Information provided:
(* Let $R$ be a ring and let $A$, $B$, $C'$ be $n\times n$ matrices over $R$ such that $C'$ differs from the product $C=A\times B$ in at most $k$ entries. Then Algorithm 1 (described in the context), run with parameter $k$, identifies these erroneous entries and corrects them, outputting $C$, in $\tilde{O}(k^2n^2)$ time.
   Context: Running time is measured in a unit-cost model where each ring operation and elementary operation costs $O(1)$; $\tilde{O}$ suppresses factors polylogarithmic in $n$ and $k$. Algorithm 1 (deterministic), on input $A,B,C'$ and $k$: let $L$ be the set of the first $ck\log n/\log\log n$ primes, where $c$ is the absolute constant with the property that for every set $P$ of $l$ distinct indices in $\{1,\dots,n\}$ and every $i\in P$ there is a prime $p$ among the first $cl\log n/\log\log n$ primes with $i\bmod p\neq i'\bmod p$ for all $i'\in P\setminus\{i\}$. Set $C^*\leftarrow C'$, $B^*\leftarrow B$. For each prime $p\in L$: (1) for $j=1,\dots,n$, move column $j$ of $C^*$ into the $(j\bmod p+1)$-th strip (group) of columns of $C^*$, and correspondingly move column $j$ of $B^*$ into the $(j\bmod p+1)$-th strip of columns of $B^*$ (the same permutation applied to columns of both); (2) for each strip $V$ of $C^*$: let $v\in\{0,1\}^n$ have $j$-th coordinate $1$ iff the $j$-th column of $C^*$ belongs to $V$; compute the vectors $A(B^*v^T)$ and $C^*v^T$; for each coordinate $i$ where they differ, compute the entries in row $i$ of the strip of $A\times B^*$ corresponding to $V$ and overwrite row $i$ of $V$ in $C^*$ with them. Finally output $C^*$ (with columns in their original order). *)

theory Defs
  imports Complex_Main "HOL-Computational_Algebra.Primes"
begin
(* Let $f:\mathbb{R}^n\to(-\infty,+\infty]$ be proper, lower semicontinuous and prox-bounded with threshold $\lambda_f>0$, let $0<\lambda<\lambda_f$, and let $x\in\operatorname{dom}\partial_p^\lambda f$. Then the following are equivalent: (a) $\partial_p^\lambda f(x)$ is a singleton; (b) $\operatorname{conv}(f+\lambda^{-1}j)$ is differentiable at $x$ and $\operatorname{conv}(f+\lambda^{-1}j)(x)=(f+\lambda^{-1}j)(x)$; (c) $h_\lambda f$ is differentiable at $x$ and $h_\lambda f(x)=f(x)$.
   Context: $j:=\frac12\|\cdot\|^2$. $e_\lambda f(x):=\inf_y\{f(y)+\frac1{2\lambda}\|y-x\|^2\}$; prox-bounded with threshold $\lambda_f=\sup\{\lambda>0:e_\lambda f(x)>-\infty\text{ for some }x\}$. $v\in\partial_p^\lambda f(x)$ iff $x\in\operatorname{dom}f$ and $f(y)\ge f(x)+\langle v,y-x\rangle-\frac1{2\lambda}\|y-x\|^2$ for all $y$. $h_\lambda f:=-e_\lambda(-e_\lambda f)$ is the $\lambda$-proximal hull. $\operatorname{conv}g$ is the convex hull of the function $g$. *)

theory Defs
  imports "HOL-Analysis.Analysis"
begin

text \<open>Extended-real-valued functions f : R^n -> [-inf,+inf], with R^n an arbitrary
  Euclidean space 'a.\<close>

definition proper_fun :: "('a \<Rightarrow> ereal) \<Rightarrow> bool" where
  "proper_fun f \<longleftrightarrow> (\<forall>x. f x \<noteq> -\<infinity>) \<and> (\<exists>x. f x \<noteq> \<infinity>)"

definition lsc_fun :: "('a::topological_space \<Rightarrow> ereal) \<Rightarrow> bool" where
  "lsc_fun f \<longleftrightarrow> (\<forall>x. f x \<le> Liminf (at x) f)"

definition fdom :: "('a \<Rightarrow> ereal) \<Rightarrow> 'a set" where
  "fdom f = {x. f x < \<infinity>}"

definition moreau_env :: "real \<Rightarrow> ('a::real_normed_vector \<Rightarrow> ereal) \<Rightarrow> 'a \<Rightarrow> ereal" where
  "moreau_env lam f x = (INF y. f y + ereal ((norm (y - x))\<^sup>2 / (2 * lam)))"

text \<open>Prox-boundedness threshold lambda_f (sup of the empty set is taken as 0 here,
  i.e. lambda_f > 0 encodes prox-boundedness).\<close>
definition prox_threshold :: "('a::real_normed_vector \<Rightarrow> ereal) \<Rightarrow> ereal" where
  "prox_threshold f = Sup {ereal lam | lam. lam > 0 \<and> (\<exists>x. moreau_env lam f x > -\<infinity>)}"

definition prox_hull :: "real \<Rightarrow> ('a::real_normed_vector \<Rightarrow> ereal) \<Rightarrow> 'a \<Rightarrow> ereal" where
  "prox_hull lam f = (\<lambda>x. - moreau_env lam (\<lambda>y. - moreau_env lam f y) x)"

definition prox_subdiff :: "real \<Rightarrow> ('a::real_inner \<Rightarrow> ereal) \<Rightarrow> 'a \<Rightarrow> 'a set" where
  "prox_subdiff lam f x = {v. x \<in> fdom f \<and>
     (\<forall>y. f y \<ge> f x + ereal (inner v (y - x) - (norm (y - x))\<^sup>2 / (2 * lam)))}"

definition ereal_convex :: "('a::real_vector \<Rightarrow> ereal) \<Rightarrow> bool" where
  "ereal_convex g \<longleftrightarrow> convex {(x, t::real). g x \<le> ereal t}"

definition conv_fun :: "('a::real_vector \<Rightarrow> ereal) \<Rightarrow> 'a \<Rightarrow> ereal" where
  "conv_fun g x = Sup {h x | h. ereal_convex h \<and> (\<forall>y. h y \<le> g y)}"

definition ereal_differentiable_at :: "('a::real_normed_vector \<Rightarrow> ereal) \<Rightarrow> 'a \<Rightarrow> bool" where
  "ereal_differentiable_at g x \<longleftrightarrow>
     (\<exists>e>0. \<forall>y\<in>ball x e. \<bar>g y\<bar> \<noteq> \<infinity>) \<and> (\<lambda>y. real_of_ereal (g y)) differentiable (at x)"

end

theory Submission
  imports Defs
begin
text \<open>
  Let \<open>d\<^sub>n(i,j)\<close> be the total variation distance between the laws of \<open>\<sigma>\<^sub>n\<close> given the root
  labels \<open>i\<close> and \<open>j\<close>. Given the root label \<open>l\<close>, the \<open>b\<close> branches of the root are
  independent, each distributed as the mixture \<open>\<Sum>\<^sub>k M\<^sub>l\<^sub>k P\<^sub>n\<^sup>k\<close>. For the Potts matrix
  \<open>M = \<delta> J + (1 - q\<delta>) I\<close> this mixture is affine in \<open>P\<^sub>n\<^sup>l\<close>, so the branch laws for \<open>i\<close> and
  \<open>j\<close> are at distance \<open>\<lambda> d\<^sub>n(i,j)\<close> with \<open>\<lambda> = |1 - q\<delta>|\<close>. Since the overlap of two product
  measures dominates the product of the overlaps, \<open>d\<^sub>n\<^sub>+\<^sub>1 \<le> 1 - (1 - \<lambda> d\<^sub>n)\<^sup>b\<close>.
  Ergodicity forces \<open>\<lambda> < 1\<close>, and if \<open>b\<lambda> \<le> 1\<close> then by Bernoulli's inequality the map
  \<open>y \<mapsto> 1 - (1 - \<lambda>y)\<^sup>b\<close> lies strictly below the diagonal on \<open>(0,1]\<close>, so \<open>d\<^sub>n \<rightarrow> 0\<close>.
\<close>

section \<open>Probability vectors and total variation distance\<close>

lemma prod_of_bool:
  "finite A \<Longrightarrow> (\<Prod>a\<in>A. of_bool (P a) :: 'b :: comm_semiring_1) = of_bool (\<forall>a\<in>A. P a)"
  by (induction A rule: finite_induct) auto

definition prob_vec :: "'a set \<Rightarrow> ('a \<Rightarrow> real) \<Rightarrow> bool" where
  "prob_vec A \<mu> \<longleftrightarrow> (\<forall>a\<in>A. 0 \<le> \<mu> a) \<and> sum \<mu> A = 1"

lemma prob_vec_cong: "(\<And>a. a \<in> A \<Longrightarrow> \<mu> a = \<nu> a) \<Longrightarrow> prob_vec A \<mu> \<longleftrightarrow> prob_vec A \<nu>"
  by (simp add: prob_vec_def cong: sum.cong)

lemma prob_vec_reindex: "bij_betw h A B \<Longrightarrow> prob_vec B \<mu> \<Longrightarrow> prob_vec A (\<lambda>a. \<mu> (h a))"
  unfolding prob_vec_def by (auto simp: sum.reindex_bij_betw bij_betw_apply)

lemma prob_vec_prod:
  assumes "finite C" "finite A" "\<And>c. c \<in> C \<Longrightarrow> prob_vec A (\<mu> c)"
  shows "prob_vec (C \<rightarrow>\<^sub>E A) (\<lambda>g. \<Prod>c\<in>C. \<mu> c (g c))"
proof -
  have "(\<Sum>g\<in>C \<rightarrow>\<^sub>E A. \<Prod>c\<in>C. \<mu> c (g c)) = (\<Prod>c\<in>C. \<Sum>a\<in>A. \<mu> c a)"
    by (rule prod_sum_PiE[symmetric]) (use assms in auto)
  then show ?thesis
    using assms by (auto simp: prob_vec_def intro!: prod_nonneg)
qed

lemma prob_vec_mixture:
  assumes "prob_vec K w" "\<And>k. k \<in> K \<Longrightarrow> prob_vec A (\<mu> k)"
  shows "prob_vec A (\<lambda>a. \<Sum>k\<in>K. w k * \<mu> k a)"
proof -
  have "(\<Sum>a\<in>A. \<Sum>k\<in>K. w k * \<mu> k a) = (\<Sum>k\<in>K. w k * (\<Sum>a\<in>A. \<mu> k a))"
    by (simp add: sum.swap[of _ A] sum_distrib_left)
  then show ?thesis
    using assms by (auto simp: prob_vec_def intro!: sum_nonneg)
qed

---

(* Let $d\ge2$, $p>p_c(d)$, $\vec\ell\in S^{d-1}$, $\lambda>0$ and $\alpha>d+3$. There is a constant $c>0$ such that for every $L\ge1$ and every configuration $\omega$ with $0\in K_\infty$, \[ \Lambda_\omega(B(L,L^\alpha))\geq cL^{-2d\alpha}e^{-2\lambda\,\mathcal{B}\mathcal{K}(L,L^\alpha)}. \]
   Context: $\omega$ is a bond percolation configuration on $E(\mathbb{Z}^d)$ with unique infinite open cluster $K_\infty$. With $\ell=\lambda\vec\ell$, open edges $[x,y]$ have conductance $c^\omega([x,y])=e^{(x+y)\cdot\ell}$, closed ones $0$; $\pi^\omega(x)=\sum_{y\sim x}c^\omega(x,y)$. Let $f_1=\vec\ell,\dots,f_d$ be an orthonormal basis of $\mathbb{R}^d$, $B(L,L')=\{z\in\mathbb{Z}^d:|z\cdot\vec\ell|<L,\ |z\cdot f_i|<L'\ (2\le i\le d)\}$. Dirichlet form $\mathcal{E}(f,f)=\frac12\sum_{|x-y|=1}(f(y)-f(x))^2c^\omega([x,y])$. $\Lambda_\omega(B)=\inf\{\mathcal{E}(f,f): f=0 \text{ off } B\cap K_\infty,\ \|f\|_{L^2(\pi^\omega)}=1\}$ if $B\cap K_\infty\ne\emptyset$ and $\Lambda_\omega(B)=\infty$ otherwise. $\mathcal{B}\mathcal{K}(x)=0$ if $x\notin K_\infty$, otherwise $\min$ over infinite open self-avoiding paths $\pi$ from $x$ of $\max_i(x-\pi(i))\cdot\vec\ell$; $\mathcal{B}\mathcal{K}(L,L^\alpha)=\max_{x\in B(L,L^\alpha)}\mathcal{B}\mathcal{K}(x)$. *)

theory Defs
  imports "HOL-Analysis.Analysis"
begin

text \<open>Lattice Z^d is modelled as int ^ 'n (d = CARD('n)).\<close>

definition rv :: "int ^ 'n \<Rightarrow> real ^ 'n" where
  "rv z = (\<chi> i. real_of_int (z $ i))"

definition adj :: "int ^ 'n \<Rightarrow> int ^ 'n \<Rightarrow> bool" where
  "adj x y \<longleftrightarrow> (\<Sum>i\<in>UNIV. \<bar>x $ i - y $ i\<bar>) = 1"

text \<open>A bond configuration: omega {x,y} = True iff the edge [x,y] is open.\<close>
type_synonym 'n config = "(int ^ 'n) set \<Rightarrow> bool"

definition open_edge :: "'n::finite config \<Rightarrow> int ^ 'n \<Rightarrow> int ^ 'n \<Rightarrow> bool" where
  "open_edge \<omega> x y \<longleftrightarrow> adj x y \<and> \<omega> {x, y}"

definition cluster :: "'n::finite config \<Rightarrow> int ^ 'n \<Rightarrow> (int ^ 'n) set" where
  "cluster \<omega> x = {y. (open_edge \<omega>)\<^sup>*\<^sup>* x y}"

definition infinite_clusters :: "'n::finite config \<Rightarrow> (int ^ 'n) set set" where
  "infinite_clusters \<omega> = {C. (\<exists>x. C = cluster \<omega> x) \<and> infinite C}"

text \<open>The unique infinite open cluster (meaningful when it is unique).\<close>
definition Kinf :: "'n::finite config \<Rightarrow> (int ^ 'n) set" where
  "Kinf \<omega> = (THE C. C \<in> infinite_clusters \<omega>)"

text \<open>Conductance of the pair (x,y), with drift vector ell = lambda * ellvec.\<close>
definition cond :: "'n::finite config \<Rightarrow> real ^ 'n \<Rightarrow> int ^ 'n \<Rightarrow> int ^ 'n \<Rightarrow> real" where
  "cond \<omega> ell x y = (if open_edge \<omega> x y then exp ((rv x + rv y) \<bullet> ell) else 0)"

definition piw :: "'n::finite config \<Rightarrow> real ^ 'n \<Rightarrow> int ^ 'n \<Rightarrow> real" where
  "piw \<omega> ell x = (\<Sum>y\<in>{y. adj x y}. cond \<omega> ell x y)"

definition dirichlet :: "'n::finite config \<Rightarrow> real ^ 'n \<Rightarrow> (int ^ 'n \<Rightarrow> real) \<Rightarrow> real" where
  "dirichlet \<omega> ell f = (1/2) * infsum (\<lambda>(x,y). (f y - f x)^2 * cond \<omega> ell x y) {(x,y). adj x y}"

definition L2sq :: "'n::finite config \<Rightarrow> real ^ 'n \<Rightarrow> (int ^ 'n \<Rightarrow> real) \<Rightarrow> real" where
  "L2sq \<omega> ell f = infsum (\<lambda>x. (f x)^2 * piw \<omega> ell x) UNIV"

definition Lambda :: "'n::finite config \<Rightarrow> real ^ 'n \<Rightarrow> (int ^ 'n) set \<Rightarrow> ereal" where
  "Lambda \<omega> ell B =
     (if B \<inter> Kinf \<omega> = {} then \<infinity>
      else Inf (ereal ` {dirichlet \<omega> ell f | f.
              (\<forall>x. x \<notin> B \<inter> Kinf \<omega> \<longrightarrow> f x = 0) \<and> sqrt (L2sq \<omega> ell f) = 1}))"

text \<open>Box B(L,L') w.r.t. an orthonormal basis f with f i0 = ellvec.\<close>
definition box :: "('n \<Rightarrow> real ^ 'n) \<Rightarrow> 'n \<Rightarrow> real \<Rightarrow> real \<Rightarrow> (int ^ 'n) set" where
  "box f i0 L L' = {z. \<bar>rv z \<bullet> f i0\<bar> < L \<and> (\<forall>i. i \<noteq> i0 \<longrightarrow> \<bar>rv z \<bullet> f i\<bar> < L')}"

Task statement:
Output only an exact transcription of the lines above from the one with "(\<forall>x. x \<notin>" up to and including the one with "f i0\<bar> <".

Response to the task:
              (\<forall>x. x \<notin> B \<inter> Kinf \<omega> \<longrightarrow> f x = 0) \<and> sqrt (L2sq \<omega> ell f) = 1}))"

text \<open>Box B(L,L') w.r.t. an orthonormal basis f with f i0 = ellvec.\<close>
definition box :: "('n \<Rightarrow> real ^ 'n) \<Rightarrow> 'n \<Rightarrow> real \<Rightarrow> real \<Rightarrow> (int ^ 'n) set" where
  "box f i0 L L' = {z. \<bar>rv z \<bullet> f i0\<bar> < L \<and> (\<forall>i. i \<noteq> i0 \<longrightarrow> \<bar>rv z \<bullet> f i\<bar> < L')}"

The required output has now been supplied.